— Dataset content —
****************************************

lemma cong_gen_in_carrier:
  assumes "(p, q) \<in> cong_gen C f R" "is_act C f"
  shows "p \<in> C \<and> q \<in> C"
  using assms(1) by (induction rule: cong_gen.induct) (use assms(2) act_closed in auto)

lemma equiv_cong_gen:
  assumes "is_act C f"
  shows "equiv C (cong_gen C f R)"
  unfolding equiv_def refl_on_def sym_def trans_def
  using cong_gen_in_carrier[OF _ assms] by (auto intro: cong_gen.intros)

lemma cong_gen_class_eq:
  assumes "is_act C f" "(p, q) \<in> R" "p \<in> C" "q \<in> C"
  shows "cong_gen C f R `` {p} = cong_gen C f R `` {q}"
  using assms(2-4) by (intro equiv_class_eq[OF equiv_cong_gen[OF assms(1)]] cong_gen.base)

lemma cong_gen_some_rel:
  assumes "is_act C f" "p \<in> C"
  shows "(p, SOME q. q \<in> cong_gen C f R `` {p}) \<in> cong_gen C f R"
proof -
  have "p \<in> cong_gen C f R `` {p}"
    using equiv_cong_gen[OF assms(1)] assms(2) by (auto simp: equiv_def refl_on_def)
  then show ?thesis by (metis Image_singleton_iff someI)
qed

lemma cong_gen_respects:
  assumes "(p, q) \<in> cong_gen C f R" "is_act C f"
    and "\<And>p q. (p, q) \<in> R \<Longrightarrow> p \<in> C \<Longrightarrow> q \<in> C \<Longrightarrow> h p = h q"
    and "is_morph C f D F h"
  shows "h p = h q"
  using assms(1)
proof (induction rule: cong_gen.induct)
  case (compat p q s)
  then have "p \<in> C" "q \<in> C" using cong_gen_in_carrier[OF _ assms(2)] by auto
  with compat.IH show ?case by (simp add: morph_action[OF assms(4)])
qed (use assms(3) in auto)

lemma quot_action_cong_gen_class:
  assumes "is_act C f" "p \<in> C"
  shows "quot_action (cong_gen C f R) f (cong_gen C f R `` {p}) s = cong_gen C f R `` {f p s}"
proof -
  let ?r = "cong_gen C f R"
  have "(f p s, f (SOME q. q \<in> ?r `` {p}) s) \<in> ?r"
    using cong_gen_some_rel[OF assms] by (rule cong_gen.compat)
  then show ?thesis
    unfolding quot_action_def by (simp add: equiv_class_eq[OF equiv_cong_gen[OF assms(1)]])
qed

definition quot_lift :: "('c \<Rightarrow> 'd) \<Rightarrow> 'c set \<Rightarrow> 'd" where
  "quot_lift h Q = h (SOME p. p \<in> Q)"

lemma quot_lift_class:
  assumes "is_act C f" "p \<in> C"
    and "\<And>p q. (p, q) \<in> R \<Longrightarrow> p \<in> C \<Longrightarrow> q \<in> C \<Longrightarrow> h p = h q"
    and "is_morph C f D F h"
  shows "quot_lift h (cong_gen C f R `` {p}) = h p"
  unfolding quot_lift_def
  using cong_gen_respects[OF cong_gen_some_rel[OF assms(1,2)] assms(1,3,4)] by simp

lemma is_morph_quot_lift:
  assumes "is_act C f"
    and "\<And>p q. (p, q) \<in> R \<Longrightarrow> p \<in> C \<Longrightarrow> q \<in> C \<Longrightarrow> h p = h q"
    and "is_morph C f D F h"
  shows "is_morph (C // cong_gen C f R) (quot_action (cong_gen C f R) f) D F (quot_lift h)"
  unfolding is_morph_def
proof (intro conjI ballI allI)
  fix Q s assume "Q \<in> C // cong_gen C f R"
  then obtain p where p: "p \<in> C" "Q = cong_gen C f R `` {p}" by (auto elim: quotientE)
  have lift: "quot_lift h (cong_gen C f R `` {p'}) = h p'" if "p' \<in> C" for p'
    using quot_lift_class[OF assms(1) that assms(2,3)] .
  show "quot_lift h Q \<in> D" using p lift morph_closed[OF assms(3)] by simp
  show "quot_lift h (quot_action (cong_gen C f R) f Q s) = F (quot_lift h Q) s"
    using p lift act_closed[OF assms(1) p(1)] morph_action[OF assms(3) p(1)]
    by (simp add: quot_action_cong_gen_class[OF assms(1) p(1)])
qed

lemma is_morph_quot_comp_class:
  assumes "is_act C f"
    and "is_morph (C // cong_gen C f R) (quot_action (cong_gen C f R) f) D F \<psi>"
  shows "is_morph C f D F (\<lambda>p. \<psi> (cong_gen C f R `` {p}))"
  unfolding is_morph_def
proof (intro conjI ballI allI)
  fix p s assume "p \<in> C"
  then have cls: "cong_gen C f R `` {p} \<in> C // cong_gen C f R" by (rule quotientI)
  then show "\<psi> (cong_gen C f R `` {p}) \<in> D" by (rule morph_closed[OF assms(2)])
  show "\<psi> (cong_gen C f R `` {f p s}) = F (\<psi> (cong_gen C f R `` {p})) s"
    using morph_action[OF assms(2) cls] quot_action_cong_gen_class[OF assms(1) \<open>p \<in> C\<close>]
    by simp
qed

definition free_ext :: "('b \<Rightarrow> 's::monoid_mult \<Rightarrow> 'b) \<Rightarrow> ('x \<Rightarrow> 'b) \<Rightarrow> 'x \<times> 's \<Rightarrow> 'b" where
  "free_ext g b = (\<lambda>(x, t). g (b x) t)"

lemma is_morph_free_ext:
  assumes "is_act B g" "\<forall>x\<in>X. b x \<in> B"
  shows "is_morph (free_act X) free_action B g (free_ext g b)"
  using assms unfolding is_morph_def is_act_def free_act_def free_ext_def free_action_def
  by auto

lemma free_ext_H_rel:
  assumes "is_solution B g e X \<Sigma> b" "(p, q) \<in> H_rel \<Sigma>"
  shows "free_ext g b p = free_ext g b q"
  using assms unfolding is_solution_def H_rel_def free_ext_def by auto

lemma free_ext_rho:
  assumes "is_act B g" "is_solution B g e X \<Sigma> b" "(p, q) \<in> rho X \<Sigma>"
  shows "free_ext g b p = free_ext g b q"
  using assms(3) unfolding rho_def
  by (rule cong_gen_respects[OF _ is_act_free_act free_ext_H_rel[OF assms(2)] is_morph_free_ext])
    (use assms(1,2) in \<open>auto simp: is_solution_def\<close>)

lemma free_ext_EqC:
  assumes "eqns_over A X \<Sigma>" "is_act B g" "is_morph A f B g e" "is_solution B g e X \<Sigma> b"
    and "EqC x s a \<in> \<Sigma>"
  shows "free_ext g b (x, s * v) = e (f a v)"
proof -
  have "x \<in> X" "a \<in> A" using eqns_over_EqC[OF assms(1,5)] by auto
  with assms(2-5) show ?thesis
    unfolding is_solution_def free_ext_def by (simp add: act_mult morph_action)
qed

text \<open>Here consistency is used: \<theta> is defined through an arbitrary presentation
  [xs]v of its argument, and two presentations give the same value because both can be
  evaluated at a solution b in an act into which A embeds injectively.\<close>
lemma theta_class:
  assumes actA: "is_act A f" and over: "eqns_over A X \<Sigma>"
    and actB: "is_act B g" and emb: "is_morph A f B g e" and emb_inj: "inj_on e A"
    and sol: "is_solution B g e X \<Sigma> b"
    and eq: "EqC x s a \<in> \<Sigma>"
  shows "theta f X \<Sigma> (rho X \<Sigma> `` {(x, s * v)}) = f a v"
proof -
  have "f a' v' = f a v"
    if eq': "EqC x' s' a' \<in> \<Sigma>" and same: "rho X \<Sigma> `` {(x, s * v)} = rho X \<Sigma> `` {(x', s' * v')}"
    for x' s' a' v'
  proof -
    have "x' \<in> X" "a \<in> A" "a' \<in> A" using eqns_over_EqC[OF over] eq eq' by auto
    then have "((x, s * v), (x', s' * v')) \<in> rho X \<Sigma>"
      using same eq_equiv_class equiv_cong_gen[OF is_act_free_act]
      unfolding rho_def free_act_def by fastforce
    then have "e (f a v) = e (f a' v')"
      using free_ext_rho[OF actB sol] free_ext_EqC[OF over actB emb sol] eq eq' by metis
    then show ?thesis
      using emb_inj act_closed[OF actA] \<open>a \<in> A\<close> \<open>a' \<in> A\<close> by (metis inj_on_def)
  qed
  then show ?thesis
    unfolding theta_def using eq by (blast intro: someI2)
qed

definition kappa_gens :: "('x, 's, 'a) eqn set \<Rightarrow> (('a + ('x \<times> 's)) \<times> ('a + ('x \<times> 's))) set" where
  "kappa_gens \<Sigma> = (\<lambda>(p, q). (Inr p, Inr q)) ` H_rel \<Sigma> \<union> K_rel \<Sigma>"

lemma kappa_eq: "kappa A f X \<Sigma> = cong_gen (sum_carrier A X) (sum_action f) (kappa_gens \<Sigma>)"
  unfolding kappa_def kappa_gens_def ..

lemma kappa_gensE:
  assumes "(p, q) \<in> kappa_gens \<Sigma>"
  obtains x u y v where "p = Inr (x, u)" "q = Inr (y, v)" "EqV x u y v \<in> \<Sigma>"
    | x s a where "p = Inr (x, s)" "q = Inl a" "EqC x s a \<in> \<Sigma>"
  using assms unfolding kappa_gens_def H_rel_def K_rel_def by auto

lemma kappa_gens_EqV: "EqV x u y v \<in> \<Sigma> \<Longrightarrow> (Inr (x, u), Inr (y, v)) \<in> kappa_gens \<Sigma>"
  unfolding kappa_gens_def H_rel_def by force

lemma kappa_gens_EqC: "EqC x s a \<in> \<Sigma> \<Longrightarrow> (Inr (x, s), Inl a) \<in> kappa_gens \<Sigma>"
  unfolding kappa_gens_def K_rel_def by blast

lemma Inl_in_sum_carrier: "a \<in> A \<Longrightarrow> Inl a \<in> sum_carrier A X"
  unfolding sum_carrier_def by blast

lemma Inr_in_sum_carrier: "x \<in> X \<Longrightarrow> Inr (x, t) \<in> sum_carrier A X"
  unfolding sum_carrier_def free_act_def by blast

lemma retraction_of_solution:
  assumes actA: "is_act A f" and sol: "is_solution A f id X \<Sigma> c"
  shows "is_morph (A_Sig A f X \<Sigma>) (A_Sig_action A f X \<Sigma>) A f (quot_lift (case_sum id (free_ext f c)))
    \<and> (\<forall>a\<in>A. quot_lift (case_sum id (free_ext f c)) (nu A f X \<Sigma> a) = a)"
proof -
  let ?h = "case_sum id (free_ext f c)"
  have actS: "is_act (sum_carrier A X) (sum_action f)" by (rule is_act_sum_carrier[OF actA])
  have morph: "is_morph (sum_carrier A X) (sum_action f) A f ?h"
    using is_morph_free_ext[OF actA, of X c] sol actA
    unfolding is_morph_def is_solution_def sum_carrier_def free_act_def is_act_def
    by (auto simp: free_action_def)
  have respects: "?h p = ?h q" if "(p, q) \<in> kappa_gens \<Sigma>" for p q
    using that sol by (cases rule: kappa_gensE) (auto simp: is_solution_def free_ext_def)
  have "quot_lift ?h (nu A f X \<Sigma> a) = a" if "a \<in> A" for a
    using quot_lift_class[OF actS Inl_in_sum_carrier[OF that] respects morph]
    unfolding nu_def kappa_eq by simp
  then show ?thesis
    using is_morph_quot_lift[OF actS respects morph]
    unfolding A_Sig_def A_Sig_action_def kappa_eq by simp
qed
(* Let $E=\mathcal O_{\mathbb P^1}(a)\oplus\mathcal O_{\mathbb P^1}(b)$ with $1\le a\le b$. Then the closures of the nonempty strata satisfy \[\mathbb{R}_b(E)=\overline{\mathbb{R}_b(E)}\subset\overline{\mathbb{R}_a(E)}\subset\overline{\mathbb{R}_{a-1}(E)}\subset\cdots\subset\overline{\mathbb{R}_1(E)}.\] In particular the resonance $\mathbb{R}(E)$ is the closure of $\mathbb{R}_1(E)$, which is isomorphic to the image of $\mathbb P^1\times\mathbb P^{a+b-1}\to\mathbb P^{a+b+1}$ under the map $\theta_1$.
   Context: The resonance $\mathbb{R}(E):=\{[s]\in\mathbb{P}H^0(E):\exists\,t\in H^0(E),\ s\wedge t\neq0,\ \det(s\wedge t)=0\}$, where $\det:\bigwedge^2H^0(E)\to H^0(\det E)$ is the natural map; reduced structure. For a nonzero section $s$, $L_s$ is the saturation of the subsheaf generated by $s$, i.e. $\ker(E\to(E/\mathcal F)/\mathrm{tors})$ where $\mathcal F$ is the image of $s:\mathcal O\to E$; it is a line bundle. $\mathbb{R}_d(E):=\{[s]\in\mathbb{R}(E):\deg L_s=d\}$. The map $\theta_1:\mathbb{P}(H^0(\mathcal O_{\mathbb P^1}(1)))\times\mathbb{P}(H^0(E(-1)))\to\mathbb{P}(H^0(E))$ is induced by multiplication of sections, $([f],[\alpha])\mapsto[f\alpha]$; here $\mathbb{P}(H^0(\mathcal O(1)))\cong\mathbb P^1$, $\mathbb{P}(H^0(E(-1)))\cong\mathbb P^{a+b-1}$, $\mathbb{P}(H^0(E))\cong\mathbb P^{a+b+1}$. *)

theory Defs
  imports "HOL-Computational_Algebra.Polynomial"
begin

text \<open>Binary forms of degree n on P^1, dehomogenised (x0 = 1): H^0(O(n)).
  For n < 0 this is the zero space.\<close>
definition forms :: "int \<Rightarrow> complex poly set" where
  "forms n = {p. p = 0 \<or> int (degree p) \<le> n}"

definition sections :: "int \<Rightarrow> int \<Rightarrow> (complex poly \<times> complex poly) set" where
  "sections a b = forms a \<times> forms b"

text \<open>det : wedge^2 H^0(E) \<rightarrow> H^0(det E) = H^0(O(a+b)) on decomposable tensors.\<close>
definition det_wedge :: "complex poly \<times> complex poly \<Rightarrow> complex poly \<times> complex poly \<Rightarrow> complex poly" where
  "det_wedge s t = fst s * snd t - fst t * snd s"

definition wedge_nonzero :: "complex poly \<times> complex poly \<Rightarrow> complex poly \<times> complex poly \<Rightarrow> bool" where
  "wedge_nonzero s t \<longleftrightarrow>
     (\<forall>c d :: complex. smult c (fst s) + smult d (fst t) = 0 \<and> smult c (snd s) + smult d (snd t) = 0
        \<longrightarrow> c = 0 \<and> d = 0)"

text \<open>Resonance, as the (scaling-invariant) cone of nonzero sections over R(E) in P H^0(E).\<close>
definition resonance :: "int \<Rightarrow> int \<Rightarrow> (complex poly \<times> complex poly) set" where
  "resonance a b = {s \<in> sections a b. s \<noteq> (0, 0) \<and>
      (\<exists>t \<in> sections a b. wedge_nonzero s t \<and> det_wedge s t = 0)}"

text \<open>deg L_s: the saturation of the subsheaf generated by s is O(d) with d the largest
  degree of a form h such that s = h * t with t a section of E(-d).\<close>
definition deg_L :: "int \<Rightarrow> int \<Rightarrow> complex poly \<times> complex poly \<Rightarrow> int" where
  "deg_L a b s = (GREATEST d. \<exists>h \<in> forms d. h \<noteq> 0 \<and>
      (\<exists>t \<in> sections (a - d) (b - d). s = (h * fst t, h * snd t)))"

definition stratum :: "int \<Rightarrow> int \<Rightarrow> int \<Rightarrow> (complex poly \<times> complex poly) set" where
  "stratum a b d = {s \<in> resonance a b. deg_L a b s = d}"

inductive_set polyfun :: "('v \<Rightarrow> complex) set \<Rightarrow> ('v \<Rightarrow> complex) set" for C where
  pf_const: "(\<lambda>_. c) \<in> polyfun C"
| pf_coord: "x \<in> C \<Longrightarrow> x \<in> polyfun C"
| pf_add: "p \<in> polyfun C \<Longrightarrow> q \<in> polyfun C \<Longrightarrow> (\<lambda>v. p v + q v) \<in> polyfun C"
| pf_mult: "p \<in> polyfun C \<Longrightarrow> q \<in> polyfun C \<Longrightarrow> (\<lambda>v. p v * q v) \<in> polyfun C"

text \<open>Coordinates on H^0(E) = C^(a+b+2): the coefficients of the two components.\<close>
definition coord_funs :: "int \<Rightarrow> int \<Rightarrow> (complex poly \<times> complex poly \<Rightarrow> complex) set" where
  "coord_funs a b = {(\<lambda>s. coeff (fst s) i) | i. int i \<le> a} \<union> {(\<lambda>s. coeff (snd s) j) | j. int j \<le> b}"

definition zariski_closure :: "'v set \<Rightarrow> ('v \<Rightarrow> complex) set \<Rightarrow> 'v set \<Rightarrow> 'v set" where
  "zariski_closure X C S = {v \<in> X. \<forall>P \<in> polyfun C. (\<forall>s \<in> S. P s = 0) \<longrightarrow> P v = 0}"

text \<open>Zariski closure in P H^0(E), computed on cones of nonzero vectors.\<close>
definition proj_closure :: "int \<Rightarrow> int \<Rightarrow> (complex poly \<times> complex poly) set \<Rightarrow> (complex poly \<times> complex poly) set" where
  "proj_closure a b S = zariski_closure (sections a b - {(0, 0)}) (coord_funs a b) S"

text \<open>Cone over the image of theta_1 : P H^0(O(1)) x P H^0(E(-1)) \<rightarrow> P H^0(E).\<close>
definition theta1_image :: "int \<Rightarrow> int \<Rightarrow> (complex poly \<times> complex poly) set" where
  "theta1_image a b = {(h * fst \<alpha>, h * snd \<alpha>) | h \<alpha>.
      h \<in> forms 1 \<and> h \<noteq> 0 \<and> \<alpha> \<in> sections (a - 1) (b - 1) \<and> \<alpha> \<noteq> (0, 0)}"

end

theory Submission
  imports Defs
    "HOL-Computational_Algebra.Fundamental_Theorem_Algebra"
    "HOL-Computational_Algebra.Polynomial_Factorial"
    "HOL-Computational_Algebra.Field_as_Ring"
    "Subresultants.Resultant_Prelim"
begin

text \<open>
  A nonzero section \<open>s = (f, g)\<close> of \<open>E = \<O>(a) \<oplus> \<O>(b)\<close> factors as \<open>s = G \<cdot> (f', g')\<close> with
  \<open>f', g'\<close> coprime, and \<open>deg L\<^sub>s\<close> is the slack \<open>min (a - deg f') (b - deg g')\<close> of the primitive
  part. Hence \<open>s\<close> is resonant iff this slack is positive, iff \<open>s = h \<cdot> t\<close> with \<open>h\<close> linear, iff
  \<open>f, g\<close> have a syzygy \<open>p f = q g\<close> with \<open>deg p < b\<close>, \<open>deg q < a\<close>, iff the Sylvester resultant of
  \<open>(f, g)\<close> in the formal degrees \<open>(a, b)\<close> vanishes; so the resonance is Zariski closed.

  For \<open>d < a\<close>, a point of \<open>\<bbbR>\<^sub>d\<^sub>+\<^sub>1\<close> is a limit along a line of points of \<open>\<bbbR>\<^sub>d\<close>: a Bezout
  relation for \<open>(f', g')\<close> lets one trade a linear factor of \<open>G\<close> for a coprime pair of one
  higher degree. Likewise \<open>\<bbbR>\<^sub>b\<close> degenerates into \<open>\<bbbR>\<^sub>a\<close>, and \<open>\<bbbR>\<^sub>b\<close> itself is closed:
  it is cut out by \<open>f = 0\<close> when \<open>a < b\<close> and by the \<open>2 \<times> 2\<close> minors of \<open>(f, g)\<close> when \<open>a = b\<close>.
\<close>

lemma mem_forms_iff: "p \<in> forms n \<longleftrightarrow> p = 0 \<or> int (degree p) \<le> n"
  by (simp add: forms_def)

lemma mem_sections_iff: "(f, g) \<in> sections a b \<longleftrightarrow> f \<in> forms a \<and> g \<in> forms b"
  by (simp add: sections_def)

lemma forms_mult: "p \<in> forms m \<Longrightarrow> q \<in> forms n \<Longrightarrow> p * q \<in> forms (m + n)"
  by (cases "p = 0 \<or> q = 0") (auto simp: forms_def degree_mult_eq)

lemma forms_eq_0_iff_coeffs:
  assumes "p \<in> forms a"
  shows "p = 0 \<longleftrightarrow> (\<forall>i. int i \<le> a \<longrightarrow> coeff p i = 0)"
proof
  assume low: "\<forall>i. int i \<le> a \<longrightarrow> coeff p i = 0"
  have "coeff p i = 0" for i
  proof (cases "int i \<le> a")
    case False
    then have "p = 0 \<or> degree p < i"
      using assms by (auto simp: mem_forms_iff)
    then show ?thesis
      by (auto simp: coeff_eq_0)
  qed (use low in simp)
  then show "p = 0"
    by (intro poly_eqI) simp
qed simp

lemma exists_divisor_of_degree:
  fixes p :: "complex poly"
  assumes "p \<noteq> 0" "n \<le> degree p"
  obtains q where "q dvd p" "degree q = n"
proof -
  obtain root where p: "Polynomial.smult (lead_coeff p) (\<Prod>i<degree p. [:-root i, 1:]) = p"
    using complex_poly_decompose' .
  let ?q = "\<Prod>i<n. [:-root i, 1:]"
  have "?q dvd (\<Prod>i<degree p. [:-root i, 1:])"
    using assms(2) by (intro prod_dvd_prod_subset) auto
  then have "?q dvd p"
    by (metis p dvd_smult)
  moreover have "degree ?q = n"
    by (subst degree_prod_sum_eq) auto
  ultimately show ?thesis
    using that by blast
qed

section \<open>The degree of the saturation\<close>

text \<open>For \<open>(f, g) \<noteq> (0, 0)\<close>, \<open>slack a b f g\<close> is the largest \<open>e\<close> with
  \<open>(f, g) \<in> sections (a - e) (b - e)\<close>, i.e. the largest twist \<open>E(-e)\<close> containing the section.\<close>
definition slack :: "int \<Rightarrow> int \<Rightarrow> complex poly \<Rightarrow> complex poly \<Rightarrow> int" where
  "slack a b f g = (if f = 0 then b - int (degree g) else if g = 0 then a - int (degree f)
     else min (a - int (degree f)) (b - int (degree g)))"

****************************************

— Aim of the task —
Filter the listing above for lines with the word "into", and copy each one you find.

— Answer to this task —
  evaluated at a solution b in an act into which A embeds injectively.\<close>
  higher degree. Likewise \<open>\<bbbR>\<^sub>b\<close> degenerates into \<open>\<bbbR>\<^sub>a\<close>, and \<open>\<bbbR>\<^sub>b\<close> itself is closed:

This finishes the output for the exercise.